(* Let $n\ge 1$, $N=\{1,\dots,n\}$, $A=(a_{ij})\in[0,1]^{n\times n}$ and $\lambda\in[0,+\infty)$. If for every $k=(k_1,\dots,k_n)\in K$ the system $$q_{(k_j-1)j}\le x_j\le q_{k_jj}\ \text{ for all } j\in N,\qquad \sum_{j\in N}\big[\delta_{ij}\, x_j+(1-\delta_{ij})\, a_{ij}\big]=\lambda x_i\ \text{ for all } i\in N$$ has no solution $x\in[0,1]^n$ with $x\neq\theta$, then $V(A,\lambda)=\emptyset$.
   Context: $\theta=(0,\dots,0)\in[0,1]^n$. For $x\in[0,1]^n$ and $\lambda\in[0,+\infty)$, the equation $A\odot x^T=\lambda x^T$ means $\sum_{j\in N}\min\{a_{ij},x_j\}=\lambda x_i$ for every $i\in N$. $V(A,\lambda)=\{x\in[0,1]^n : A\odot x^T=\lambda x^T,\ x\neq\theta\}$. For each $j\in N$, let $t_j$ be the number of distinct values in $\{a_{ij}: i\in N\}\cap(0,1)$, list these values as $q_{1j}<\dots<q_{t_jj}$, and put $q_{0j}=0$, $q_{(t_j+1)j}=1$. Let $K_j=\{1,\dots,t_j+1\}$ (the indices $k$ with $q_{kj}>0$) and $K=K_1\times\dots\times K_n$. For $k\in K$ and $i,j\in N$, $\delta_{ij}=1$ if $q_{k_jj}\le a_{ij}$ and $\delta_{ij}=0$ if $a_{ij}\le q_{(k_j-1)j}$. *)

theory Defs
  imports Main Complex_Main
begin

definition qvals :: "nat \<Rightarrow> (nat \<Rightarrow> nat \<Rightarrow> real) \<Rightarrow> nat \<Rightarrow> real list" where
  "qvals n A j = sorted_list_of_set ({A i j | i. i \<in> {1..n}} \<inter> {0<..<1})"

definition tcnt :: "nat \<Rightarrow> (nat \<Rightarrow> nat \<Rightarrow> real) \<Rightarrow> nat \<Rightarrow> nat" where
  "tcnt n A j = length (qvals n A j)"

text \<open>q n A k j = q_{kj}: q_{0j} = 0, q_{kj} = k-th smallest value for 1 <= k <= t_j,
  q_{(t_j+1)j} = 1.\<close>
definition q :: "nat \<Rightarrow> (nat \<Rightarrow> nat \<Rightarrow> real) \<Rightarrow> nat \<Rightarrow> nat \<Rightarrow> real" where
  "q n A k j = (if k = 0 then 0 else if k \<le> tcnt n A j then qvals n A j ! (k - 1) else 1)"

definition Kset :: "nat \<Rightarrow> (nat \<Rightarrow> nat \<Rightarrow> real) \<Rightarrow> nat \<Rightarrow> nat set" where
  "Kset n A j = {1..tcnt n A j + 1}"

text \<open>delta_ij for a given k: 1 if q_{k_j j} <= a_ij, and 0 otherwise
  (otherwise means a_ij <= q_{(k_j-1)j}, since consecutive q's bracket no entry).\<close>
definition delta :: "nat \<Rightarrow> (nat \<Rightarrow> nat \<Rightarrow> real) \<Rightarrow> (nat \<Rightarrow> nat) \<Rightarrow> nat \<Rightarrow> nat \<Rightarrow> real" where
  "delta n A k i j = (if q n A (k j) j \<le> A i j then 1 else 0)"

definition in_unit_cube :: "nat \<Rightarrow> (nat \<Rightarrow> real) \<Rightarrow> bool" where
  "in_unit_cube n x \<longleftrightarrow> (\<forall>j\<in>{1..n}. 0 \<le> x j \<and> x j \<le> 1)"

definition nonzero_vec :: "nat \<Rightarrow> (nat \<Rightarrow> real) \<Rightarrow> bool" where
  "nonzero_vec n x \<longleftrightarrow> (\<exists>j\<in>{1..n}. x j \<noteq> 0)"

text \<open>Eigenspace V(A,lambda) (max-min / "sum-min" product A \<odot> x^T = lambda x^T).
  Vectors are restricted to be 0 outside N so that they correspond to elements of [0,1]^n.\<close>
definition Veig :: "nat \<Rightarrow> (nat \<Rightarrow> nat \<Rightarrow> real) \<Rightarrow> real \<Rightarrow> (nat \<Rightarrow> real) set" where
  "Veig n A lam = {x. in_unit_cube n x \<and> (\<forall>j. j \<notin> {1..n} \<longrightarrow> x j = 0) \<and>
      (\<forall>i\<in>{1..n}. (\<Sum>j\<in>{1..n}. min (A i j) (x j)) = lam * x i) \<and> nonzero_vec n x}"

end

theory Submission
  imports Defs
begin

text \<open>Every \<open>x \<in> V(A,\<lambda>)\<close> lies in some cell \<open>q\<^bsub>(k\<^sub>j-1)j\<^esub> \<le> x\<^sub>j \<le> q\<^bsub>k\<^sub>jj\<^esub>\<close>.
  No entry \<open>a\<^sub>i\<^sub>j\<close> of column \<open>j\<close> lies strictly between two consecutive \<open>q\<close>-values, so on that
  cell \<open>min(a\<^sub>i\<^sub>j, x\<^sub>j)\<close> is \<open>x\<^sub>j\<close> when \<open>\<delta>\<^sub>i\<^sub>j = 1\<close> and \<open>a\<^sub>i\<^sub>j\<close> when \<open>\<delta>\<^sub>i\<^sub>j = 0\<close>; hence \<open>x\<close>
  solves the linear system of the cell \<open>k\<close>, contradicting the hypothesis.\<close>

lemma set_qvals: "set (qvals n A j) = {A i j | i. i \<in> {1..n}} \<inter> {0<..<1}"
  unfolding qvals_def by simp

lemma sorted_qvals: "sorted (qvals n A j)"
  unfolding qvals_def by simp

lemma q_nonneg: "0 \<le> q n A k j"
  and q_le_one: "q n A k j \<le> 1"
proof -
  have "qvals n A j ! (k - 1) \<in> {0<..<1}" if "0 < k" "k \<le> tcnt n A j"
    using that nth_mem[of "k - 1" "qvals n A j"] set_qvals[of n A j]
    unfolding tcnt_def by fastforce
  then show "0 \<le> q n A k j" "q n A k j \<le> 1"
    unfolding q_def by auto
qed

lemma q_0 [simp]: "q n A 0 j = 0"
  unfolding q_def by simp

lemma q_beyond_tcnt: "tcnt n A j < k \<Longrightarrow> q n A k j = 1"
  unfolding q_def by simp

lemma q_mono:
  assumes "k \<le> l"
  shows "q n A k j \<le> q n A l j"
proof (cases "k = 0 \<or> tcnt n A j < l")
  case True
  then show ?thesis
    using q_nonneg[of n A l j] q_le_one[of n A k j] q_beyond_tcnt[of n A j l] by auto
next
  case False
  with assms have "qvals n A j ! (k - 1) \<le> qvals n A j ! (l - 1)"
    by (intro sorted_nth_mono[OF sorted_qvals]) (auto simp: tcnt_def)
  with False assms show ?thesis
    unfolding q_def by auto
qed

lemma entry_is_q:
  assumes "i \<in> {1..n}" "0 < A i j" "A i j < 1"
  obtains m where "1 \<le> m" "q n A m j = A i j"
proof -
  have "A i j \<in> set (qvals n A j)"
    using set_qvals[of n A j] assms by auto
  then obtain p where "p < tcnt n A j" "qvals n A j ! p = A i j"
    unfolding tcnt_def by (metis in_set_conv_nth)
  then have "q n A (Suc p) j = A i j"
    unfolding q_def by simp
  then show ?thesis
    by (intro that[of "Suc p"]) simp_all
qed

lemma cell_exists:
  fixes v :: real
  assumes "0 \<le> v" "v \<le> 1"
  obtains k where "k \<in> Kset n A j" "q n A (k - 1) j \<le> v" "v \<le> q n A k j"
proof -
  define k where "k = (LEAST k. 1 \<le> k \<and> v \<le> q n A k j)"
  have top: "1 \<le> tcnt n A j + 1 \<and> v \<le> q n A (tcnt n A j + 1) j"
    using assms q_beyond_tcnt[of n A j] by simp
  have k: "1 \<le> k" "v \<le> q n A k j"
    using LeastI[of "\<lambda>k. 1 \<le> k \<and> v \<le> q n A k j", OF top] unfolding k_def by auto
  have "k \<le> tcnt n A j + 1"
    unfolding k_def using top by (rule Least_le)
  with k have "k \<in> Kset n A j"
    unfolding Kset_def by simp
  moreover have "q n A (k - 1) j \<le> v"
  proof (cases "k = 1")
    case True
    then show ?thesis using assms by simp
  next
    case False
    have "k - 1 < k"
      using k by simp
    then have "\<not> (1 \<le> k - 1 \<and> v \<le> q n A (k - 1) j)"
      using not_less_Least[of "k - 1" "\<lambda>k. 1 \<le> k \<and> v \<le> q n A k j"]
      unfolding k_def by blast
    with False k show ?thesis by auto
  qed
  ultimately show ?thesis
    using k that by blast
qed

lemma delta_combination_eq_min:
  assumes i: "i \<in> {1..n}"
    and cell: "q n A (k j - 1) j \<le> v" "v \<le> q n A (k j) j"
  shows "delta n A k i j * v + (1 - delta n A k i j) * A i j = min (A i j) v"
proof (cases "q n A (k j) j \<le> A i j")
  case True
  then show ?thesis
    using cell unfolding delta_def by simp
next
  case below: False
  have "A i j \<le> v"
  proof (cases "0 < A i j")
    case True
    moreover have "A i j < 1"
      using below q_le_one[of n A "k j" j] by simp
    ultimately obtain m where m: "1 \<le> m" "q n A m j = A i j"
      using entry_is_q[OF i] by blast
    have "m < k j"
      using below m q_mono[of "k j" m n A j] by force
    then have "q n A m j \<le> q n A (k j - 1) j"
      by (intro q_mono) simp
    with m cell show ?thesis by simp
  next
    case False
    then show ?thesis
      using cell q_nonneg[of n A "k j - 1" j] by simp
  qed
  with below show ?thesis
    unfolding delta_def by simp
qed

lemma eigenvector_solves_cell_system:
  assumes "x \<in> Veig n A lam"
  obtains k where "\<forall>j\<in>{1..n}. k j \<in> Kset n A j"
    and "\<forall>j\<in>{1..n}. q n A (k j - 1) j \<le> x j \<and> x j \<le> q n A (k j) j"
    and "\<forall>i\<in>{1..n}. (\<Sum>j\<in>{1..n}. delta n A k i j * x j + (1 - delta n A k i j) * A i j)
                     = lam * x i"
proof -
  have cube: "in_unit_cube n x"
    and eig: "\<forall>i\<in>{1..n}. (\<Sum>j\<in>{1..n}. min (A i j) (x j)) = lam * x i"
    using assms unfolding Veig_def by auto
  have "\<exists>kj. kj \<in> Kset n A j \<and> q n A (kj - 1) j \<le> x j \<and> x j \<le> q n A kj j"
    if "j \<in> {1..n}" for j
  proof -
    have "0 \<le> x j" "x j \<le> 1"
      using cube that unfolding in_unit_cube_def by auto
    then show ?thesis
      by (rule cell_exists) blast
  qed
  then obtain k where k: "\<forall>j\<in>{1..n}. k j \<in> Kset n A j \<and>
      q n A (k j - 1) j \<le> x j \<and> x j \<le> q n A (k j) j"
    by (metis bchoice)
  have "(\<Sum>j\<in>{1..n}. delta n A k i j * x j + (1 - delta n A k i j) * A i j) = lam * x i"
    if i: "i \<in> {1..n}" for i
  proof -
    have "(\<Sum>j\<in>{1..n}. delta n A k i j * x j + (1 - delta n A k i j) * A i j)
        = (\<Sum>j\<in>{1..n}. min (A i j) (x j))"
      using k delta_combination_eq_min[OF i] by (intro sum.cong) auto
    with eig i show ?thesis by simp
  qed
  with k that show ?thesis by blast
qed

theorem theorem3p2:
  fixes n :: nat and A :: "nat \<Rightarrow> nat \<Rightarrow> real" and lam :: real
  assumes "n \<ge> 1"
    and "\<forall>i\<in>{1..n}. \<forall>j\<in>{1..n}. 0 \<le> A i j \<and> A i j \<le> 1"
    and "lam \<ge> 0"
    and "\<forall>k :: nat \<Rightarrow> nat. (\<forall>j\<in>{1..n}. k j \<in> Kset n A j) \<longrightarrow>
           \<not> (\<exists>x :: nat \<Rightarrow> real. in_unit_cube n x \<and> nonzero_vec n x \<and>
                 (\<forall>j\<in>{1..n}. q n A (k j - 1) j \<le> x j \<and> x j \<le> q n A (k j) j) \<and>
                 (\<forall>i\<in>{1..n}. (\<Sum>j\<in>{1..n}. delta n A k i j * x j + (1 - delta n A k i j) * A i j)
                                = lam * x i))"
  shows "Veig n A lam = {}"
proof (rule ccontr)
  assume "Veig n A lam \<noteq> {}"
  then obtain x where x: "x \<in> Veig n A lam" by blast
  then have "in_unit_cube n x" "nonzero_vec n x"
    unfolding Veig_def by auto
  moreover obtain k where "\<forall>j\<in>{1..n}. k j \<in> Kset n A j"
    and "\<forall>j\<in>{1..n}. q n A (k j - 1) j \<le> x j \<and> x j \<le> q n A (k j) j"
    and "\<forall>i\<in>{1..n}. (\<Sum>j\<in>{1..n}. delta n A k i j * x j + (1 - delta n A k i j) * A i j)
                     = lam * x i"
    using eigenvector_solves_cell_system[OF x] by blast
  ultimately show False
    using assms(4) by blast
qed

end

### Required work
Count every line of the records above in which the string "assms" appears. The number alone is to be given.

### Answer for this exercise
7